Inflation in Russland: Moskaus Petrodollars
Jeder zweite Russe kann sich keinen Kühlschrank mehr leisten. Denn das teure Öl bringt zwar Geld in die Staatskasse, treibt aber auch die Preise hoch.
MOSKAU taz Seit Beginn 2008 erreicht die Inflation in Russland 7,7 Prozent. Die Lebensmittelpreise, die auch in Russland Gradmesser und Preistreiber sind, stiegen im selben Zeitraum um fast 10 Prozent. 54 Prozent der Bevölkerung halten die Teuerungsrate für das dringlichste Problem des Landes.

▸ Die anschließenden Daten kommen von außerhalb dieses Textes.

lemma AP_S_induct [consumes 1, case_names zero sadd single]:
  assumes s: "s \<in> SS"
    and zero: "P AP_szero" and sadd: "\<And>a a'. P a \<Longrightarrow> P a' \<Longrightarrow> P (AP_sadd n p r a a')"
    and single: "\<And>z i c. z < n \<Longrightarrow> i < r z \<Longrightarrow> 0 \<le> c \<Longrightarrow> c < int (p z) \<Longrightarrow> P (ssingle z i c)"
  shows "P s"
  using s
proof (induction "card {(z, i). z < n \<and> i < r z \<and> s z i \<noteq> 0}" arbitrary: s rule: less_induct)
  case less
  let ?supp = "\<lambda>s. {(z, i). z < n \<and> i < r z \<and> s z i \<noteq> 0}"
  have fin: "finite (?supp s')" for s'
    by (rule finite_subset[of _ "SIGMA z:{..<n}. {..<r z}"]) auto
  show ?case
  proof (cases "?supp s = {}")
    case True
    then have "s = AP_szero" by (intro AP_S_eqI[OF less.prems AP_szero_closed]) (auto simp: AP_szero_def)
    then show ?thesis using zero by simp
  next
    case False
    then obtain z i where zi: "z < n" "i < r z" "s z i \<noteq> 0" by auto
    define s' where "s' = (\<lambda>z' i'. if z' = z \<and> i' = i then 0 else s z' i')"
    have s'S: "s' \<in> SS" using less.prems p_pos unfolding s'_def AP_S_def by auto
    have "?supp s' = ?supp s - {(z, i)}" by (auto simp: s'_def)
    moreover have "card (?supp s - {(z, i)}) < card (?supp s)"
      using zi by (intro card_Diff1_less fin) simp
    ultimately have "card (?supp s') < card (?supp s)" by simp
    then have "P s'" using less.hyps s'S by blast
    moreover have r: "0 \<le> s z i" "s z i < int (p z)" using AP_S_entry[OF less.prems zi(1,2)] by auto
    moreover have "s = AP_sadd n p r s' (ssingle z i (s z i))"
      using AP_S_entry[OF less.prems] AP_S_outside[OF less.prems] r
      by (auto simp: AP_sadd_def s'_def ssingle_def fun_eq_iff)
    ultimately show ?thesis using sadd single[OF zi(1,2)] by metis
  qed
qed

lemma AP_T_induct [consumes 1, case_names zero tadd single]:
  assumes t: "t \<in> TT"
    and zero: "P AP_tzero" and tadd: "\<And>a a'. P a \<Longrightarrow> P a' \<Longrightarrow> P (AP_tadd n p r d a a')"
    and single: "\<And>z i j u. z < n \<Longrightarrow> i < r z \<Longrightarrow> j < r (cprev n z) \<Longrightarrow> u \<in> V z \<Longrightarrow> P (tsingle z i j u)"
  shows "P t"
  using t
proof (induction "card {(z, i, j). z < n \<and> i < r z \<and> j < r (cprev n z) \<and> t z i j \<noteq> vzero}"
    arbitrary: t rule: less_induct)
  case less
  let ?supp = "\<lambda>t. {(z, i, j). z < n \<and> i < r z \<and> j < r (cprev n z) \<and> t z i j \<noteq> vzero}"
  have fin: "finite (?supp t')" for t'
    by (rule finite_subset[of _ "SIGMA z:{..<n}. {..<r z} \<times> {..<r (cprev n z)}"]) auto
  show ?case
  proof (cases "?supp t = {}")
    case True
    then have "t = AP_tzero" by (intro AP_T_eqI[OF less.prems AP_tzero_closed]) (auto simp: AP_tzero_def)
    then show ?thesis using zero by simp
  next
    case False
    then obtain z i j where zij: "z < n" "i < r z" "j < r (cprev n z)" "t z i j \<noteq> vzero" by auto
    define t' where "t' = (\<lambda>z' i' j'. if z' = z \<and> i' = i \<and> j' = j then vzero else t z' i' j')"
    have t'T: "t' \<in> TT" using less.prems p_pos unfolding t'_def AP_T_def by auto
    have "?supp t' = ?supp t - {(z, i, j)}" by (auto simp: t'_def)
    moreover have "card (?supp t - {(z, i, j)}) < card (?supp t)"
      using zij by (intro card_Diff1_less fin) simp
    ultimately have "card (?supp t') < card (?supp t)" by simp
    then have "P t'" using less.hyps t'T by blast
    moreover have u: "t z i j \<in> V z" using AP_T_entry[OF less.prems zij(1,2,3)] .
    moreover have "t = AP_tadd n p r d t' (tsingle z i j (t z i j))"
      using AP_T_entry[OF less.prems] AP_T_outside[OF less.prems] u
      by (auto simp: AP_tadd_def t'_def tsingle_def fun_eq_iff)
    ultimately show ?thesis using tadd single[OF zij(1,2,3)] by metis
  qed
qed

lemma AP_sadd_ssingle:
  "z < n \<Longrightarrow> i < r z \<Longrightarrow> AP_sadd n p r (ssingle z i a) (ssingle z i a') = ssingle z i ((a + a') mod int (p z))"
  unfolding AP_sadd_def ssingle_def by (rule ext, rule ext) auto

lemma ssingle_multiples:
  assumes z: "z < n" "k < r z" and \<beta>: "0 < \<beta>" "\<beta> < int (p z)" and c: "0 \<le> c" "c < int (p z)"
    and zero: "P AP_szero" and sadd: "\<And>a a'. P a \<Longrightarrow> P a' \<Longrightarrow> P (AP_sadd n p r a a')"
    and single: "P (ssingle z k \<beta>)"
  shows "P (ssingle z k c)"
proof -
  let ?p = "int (p z)"
  have multiple: "P (ssingle z k ((int m * \<beta>) mod ?p))" for m :: nat
  proof (induction m)
    case 0
    have "ssingle z k 0 = AP_szero" by (simp add: ssingle_eq_AP_szero_iff)
    then show ?case using zero by simp
  next
    case (Suc m)
    have "AP_sadd n p r (ssingle z k ((int m * \<beta>) mod ?p)) (ssingle z k \<beta>) = ssingle z k ((int (Suc m) * \<beta>) mod ?p)"
      using z by (simp add: AP_sadd_ssingle mod_add_left_eq mod_add_right_eq algebra_simps)
    then show ?case using sadd[OF Suc single] by simp
  qed
  have "0 < nat \<beta>" "nat \<beta> < p z" using \<beta> by auto
  then obtain x where x: "(nat \<beta> * x) mod p z = 1" using prime_mod_inverse prime_p z by blast
  have "(nat c * (nat \<beta> * x)) mod p z = (nat c * ((nat \<beta> * x) mod p z)) mod p z"
    by (simp add: mod_mult_right_eq)
  also have "\<dots> = nat c" using x c by simp
  finally have "int (nat c * (nat \<beta> * x)) mod ?p = c"
    using c by (metis int_nat_eq zmod_int)
  moreover have "int (x * nat c) * \<beta> = int (nat c * (nat \<beta> * x))" using \<beta> c by simp
  ultimately have "(int (x * nat c) * \<beta>) mod ?p = c" by metis
  then show ?thesis using multiple[of "x * nat c"] by simp
qed

lemma AP_b_tsingle:
  assumes t: "t \<in> TT" and z: "z < n" "i < r z" "j < r (cprev n z)" and w: "w \<in> V z"
  shows "AP_b n p r b t (tsingle z i j w) = ssingle z i (b z (t z i j) w)"
proof (rule ext, rule ext)
  fix z' i'
  show "AP_b n p r b t (tsingle z i j w) z' i' = ssingle z i (b z (t z i j) w) z' i'"
  proof (cases "z' < n \<and> i' < r z'")
    case True
    have "(\<Sum>j'<r (cprev n z'). b z' (t z' i' j') (tsingle z i j w z' i' j')) =
          (\<Sum>j'<r (cprev n z'). if j' = j \<and> z' = z \<and> i' = i then b z (t z i j) w else 0)"
      using True t by (intro sum.cong) (auto simp: tsingle_def b_vzero AP_T_entry)
    also have "\<dots> = (if z' = z \<and> i' = i then b z (t z i j) w else 0)"
      using z by (auto simp: sum.delta)
    finally show ?thesis using True b_range[OF z(1) AP_T_entry[OF t z] w]
      by (auto simp: AP_b_def ssingle_def)
  qed (use z in \<open>auto simp: AP_b_def ssingle_def\<close>)
qed

lemma AP_alpha_defect_tsingle:
  assumes "z < n" "i < r z" "j < r (cprev n z)"
  shows "AP_tadd n p r d (tsingle z i j u) (AP_tneg n p r d (AP_alpha n p r f s (tsingle z i j u)))
    = tsingle z i j (vadd (p z) (d z) u (vneg (p z) (d z) ((f z ^^ nat (s (cprev n z) j)) u)))"
  unfolding AP_tadd_def AP_tneg_def AP_alpha_def tsingle_def
  by (rule ext, rule ext, rule ext) (use assms p_pos in \<open>auto simp: orth_grp_vzero[OF p_pos funpow_f_orth]\<close>)

lemma V_nontrivial:
  assumes "z < n" shows "\<exists>u\<in>V z. u \<noteq> vzero"
proof -
  obtain u where u: "u \<in> V z" "(f z ^^ 1) u \<noteq> u"
    using order assms p_gt_1[OF cprev_lt_n] unfolding has_order_on_def by blast
  moreover have "f z vzero = vzero" by (rule orth_grp_vzero[OF p_pos[OF assms] f_orth[OF assms]])
  ultimately have "u \<noteq> vzero" by auto
  with u show ?thesis by blast
qed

Russlands Verbraucher trifft der Preisanstieg härter als Konsumenten in anderen Ländern. Gibt der Verbraucher in entwickelten Industriestaaten zwischen 10 und 20 Prozent des Einkommens für Lebensmittel aus, bringt ein Russe im Durchschnitt 40 Prozent dafür auf. Mehr als die Hälfte der Bevölkerung kann sich trotz deutlich gestiegener Löhne Konsumgüter wie Kühlschränke nicht mehr leisten. Kremlchef Dmitri Medwedjew erklärte die Eindämmung der Inflation auf 10,5 Prozent zur Schlüsselaufgabe der Regierung 2008. Experten des IWF und der Weltbank in Russland sind jedoch skeptisch. Sie gehen weiterhin von mindestens 14 Prozent aus und warnen vor einer Inflationsspirale nach lateinamerikanischem Muster. Insgesamt kletterte die Inflation seit 2000 auf mehr als 120 Prozent. Im letzten Herbst fror der Kreml zunächst einige Preise für Grundnahrungsmittel ein und erhöhte Exportzölle für Weizen und Korn. Ohne Erfolg.
Der frühere Finanzminister und heutige Vizepremier Alexei Kudrin meint sogar, Moskau bräuchte noch mindestens 20 Jahre Erfahrung bei der Inflationsbekämpfung. Denn nicht zuletzt hängen die Schwierigkeiten mit der exzessiven Monopolbildung auf den russischen Warenmärkten zusammen, die Preise und Tarife auch für rohstoffabhängige Dienstleitungen erheblich verteuern. Im Fadenkreuz der Kritik steht überdies die ineffektive Politik der Zentralbank, die an einem starken Rubel festhält. Sie will jetzt den starren Wechselkurs vorsichtig liberalisieren und mit zinspolitischen Maßnahmen der Inflation gegensteuern. Bislang liegt aber noch kein umfassendes Programm vor. Wichtiger Grund für die inflationäre Entwicklung zudem: Im ersten Quartal 2008 wuchsen die Staatsausgaben auf 45 Prozent. Mit Wahlgeschenken sicherte der Kreml den Status quo.